TO DO: For every line that contains the string "where", pull that line out of the material below.

──────── DATA TO PROCESS ────────

lemma run_fact:
  assumes "fact_over {relR1, relR2} k f"
  shows "run Fact_Start (enc_fact f) = Some (Fact_Start, enc_fact (tag_fact f))"
proof -
  obtain S as where f: "f = (S, as)" and S: "S = 1 \<or> S = 2" and as: "length as = k"
    using assms by (cases f) (auto simp: fact_over_def)
  have "run Fact_Start (enc_nat S) = Some (Entry S 0 False, [3])"
    using S by (auto simp: enc_nat_def bin_pos)
  moreover have "run (Entry S 0 False) (concat (map enc_nat as)) =
      Some (Entry S k False, concat (map enc_nat (map2 (pair_code m) as (vars S))))"
    using run_entries[of 0 as] as by simp
  moreover have "run (Entry S k False) [4] = Some (Fact_Start, [4])"
    by simp
  ultimately show ?thesis
    by (simp add: f enc_fact_def tag_fact_def transducer_run_appendI)
qed

lemma run_db:
  "\<forall>f\<in>set fs. fact_over {relR1, relR2} k f \<Longrightarrow>
    run Fact_Start (enc_db fs) = Some (Fact_Start, enc_db (map tag_fact fs))"
proof (induction fs)
  case (Cons f fs)
  then show ?case
    using transducer_run_appendI[OF run_fact] by (simp add: enc_db_def)
qed (simp add: enc_db_def)

lemma run_digits_inv:
  assumes "run (Entry r i True) w = Some (Fact_Start, u)" and "i < k"
  shows "\<exists>bs rest u'. set bs \<subseteq> {1, 2} \<and> w = bs @ 3 # rest \<and> u = bs @ 3 # u' \<and>
    run (Entry r (Suc i) False) rest = Some (Fact_Start, u')"
  using assms(1)
proof (induction w arbitrary: u)
  case (Cons c w)
  then obtain q' u1 u2 where step: "fact_step (Entry r i True) c = Some (q', u1)"
    and rest: "run q' w = Some (Fact_Start, u2)" and u: "u = u1 @ u2"
    unfolding transducer_run_Cons_eq_Some by blast
  show ?case
  proof (cases "c = 3")
    case True
    with step assms(2) have "q' = Entry r (Suc i) False" "u1 = [3]" by auto
    with True rest u show ?thesis by (intro exI[of _ "[]"] exI[of _ w] exI[of _ u2]) simp
  next
    case False
    with step assms(2) have c: "c \<in> {1, 2}" and "q' = Entry r i True" "u1 = [c]"
      by (auto split: if_splits)
    with Cons.IH rest obtain bs rest' u' where "set bs \<subseteq> {1, 2}" "w = bs @ 3 # rest'"
      "u2 = bs @ 3 # u'" "run (Entry r (Suc i) False) rest' = Some (Fact_Start, u')"
      by blast
    with c u \<open>u1 = [c]\<close> show ?thesis
      by (intro exI[of _ "c # bs"] exI[of _ rest'] exI[of _ u']) auto
  qed
qed simp

lemma run_entry_inv:
  assumes "run (Entry r i False) w = Some (Fact_Start, u)" and "i < k"
  shows "\<exists>a rest u'. w = enc_nat a @ rest \<and> u = enc_nat (pair_code m a (vars r ! i)) @ u' \<and>
    run (Entry r (Suc i) False) rest = Some (Fact_Start, u')"
proof -
  obtain c w' where w: "w = c # w'"
    using assms(1) by (cases w) auto
  from assms(1) obtain q' u1 u2 where step: "fact_step (Entry r i False) c = Some (q', u1)"
    and rest: "run q' w' = Some (Fact_Start, u2)" and u: "u = u1 @ u2"
    unfolding w transducer_run_Cons_eq_Some by blast
  consider "c = 3" | "c = 2"
    using step assms(2) by (auto split: if_splits)
  then show ?thesis
  proof cases
    case 1
    with step assms(2) have "q' = Entry r (Suc i) False" "u1 = tag m (vars r ! i) @ [3]"
      by auto
    with 1 w rest u show ?thesis
      by (intro exI[of _ 0]) (simp add: enc_nat_pair_code)
  next
    case 2
    with step assms(2) have "q' = Entry r i True" "u1 = tag m (vars r ! i) @ [2]"
      by auto
    with rest run_digits_inv assms(2) obtain bs rest' u' where bs: "set bs \<subseteq> {1, 2}"
      and "w' = bs @ 3 # rest'" "u2 = bs @ 3 # u'"
      and "run (Entry r (Suc i) False) rest' = Some (Fact_Start, u')"
      by blast
    moreover have "bin (nat_of_bits (2 # bs)) = 2 # bs"
      using bs by (intro bin_nat_of_bits) (simp add: canonical_bits_def)
    ultimately show ?thesis
      using 2 w u \<open>u1 = tag m (vars r ! i) @ [2]\<close>
      by (intro exI[of _ "nat_of_bits (2 # bs)"]) (simp add: enc_nat_def bin_pair_code)
  qed
qed

lemma run_entries_inv:
  assumes "run (Entry r i False) w = Some (Fact_Start, u)" and "i \<le> k"
  shows "\<exists>as rest u'. length as = k - i \<and> w = concat (map enc_nat as) @ 4 # rest \<and>
    u = concat (map enc_nat (map2 (pair_code m) as (drop i (vars r)))) @ 4 # u' \<and>
    run Fact_Start rest = Some (Fact_Start, u')"
  using assms
proof (induction "k - i" arbitrary: i w u)
  case 0
  then have "i = k" by simp
  obtain c w' where w: "w = c # w'"
    using "0.prems"(1) by (cases w) auto
  from "0.prems"(1) obtain q' u1 u2 where step: "fact_step (Entry r i False) c = Some (q', u1)"
    and rest: "run q' w' = Some (Fact_Start, u2)" and u: "u = u1 @ u2"
    unfolding w transducer_run_Cons_eq_Some by blast
  from step \<open>i = k\<close> have "c = 4" "q' = Fact_Start" "u1 = [4]"
    by (auto split: if_splits)
  with w rest u \<open>i = k\<close> show ?case
    by (intro exI[of _ "[]"] exI[of _ w'] exI[of _ u2]) simp
next
  case (Suc d)
  then have "i < k" by simp
  from run_entry_inv[OF Suc.prems(1) this] obtain a rest u' where
    a: "w = enc_nat a @ rest" "u = enc_nat (pair_code m a (vars r ! i)) @ u'"
    and rest: "run (Entry r (Suc i) False) rest = Some (Fact_Start, u')"
    by blast
  have "d = k - Suc i"
    using Suc.hyps(2) by simp
  from Suc.hyps(1)[OF this rest Suc_leI[OF \<open>i < k\<close>]] obtain as rest' u'' where
    "length as = k - Suc i" "rest = concat (map enc_nat as) @ 4 # rest'"
    "u' = concat (map enc_nat (map2 (pair_code m) as (drop (Suc i) (vars r)))) @ 4 # u''"
    "run Fact_Start rest' = Some (Fact_Start, u'')"
    by blast
  moreover have "drop i (vars r) = vars r ! i # drop (Suc i) (vars r)"
    using \<open>i < k\<close> by (simp add: Cons_nth_drop_Suc)
  ultimately show ?case
    using a \<open>i < k\<close> by (intro exI[of _ "a # as"] exI[of _ rest'] exI[of _ u'']) auto
qed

────────

TASK RESULT:
  obtain S as where f: "f = (S, as)" and S: "S = 1 \<or> S = 2" and as: "length as = k"
  then obtain q' u1 u2 where step: "fact_step (Entry r i True) c = Some (q', u1)"
    with Cons.IH rest obtain bs rest' u' where "set bs \<subseteq> {1, 2}" "w = bs @ 3 # rest'"
  obtain c w' where w: "w = c # w'"
  from assms(1) obtain q' u1 u2 where step: "fact_step (Entry r i False) c = Some (q', u1)"
    with rest run_digits_inv assms(2) obtain bs rest' u' where bs: "set bs \<subseteq> {1, 2}"
  obtain c w' where w: "w = c # w'"
  from "0.prems"(1) obtain q' u1 u2 where step: "fact_step (Entry r i False) c = Some (q', u1)"
  from run_entry_inv[OF Suc.prems(1) this] obtain a rest u' where
  from Suc.hyps(1)[OF this rest Suc_leI[OF \<open>i < k\<close>]] obtain as rest' u'' where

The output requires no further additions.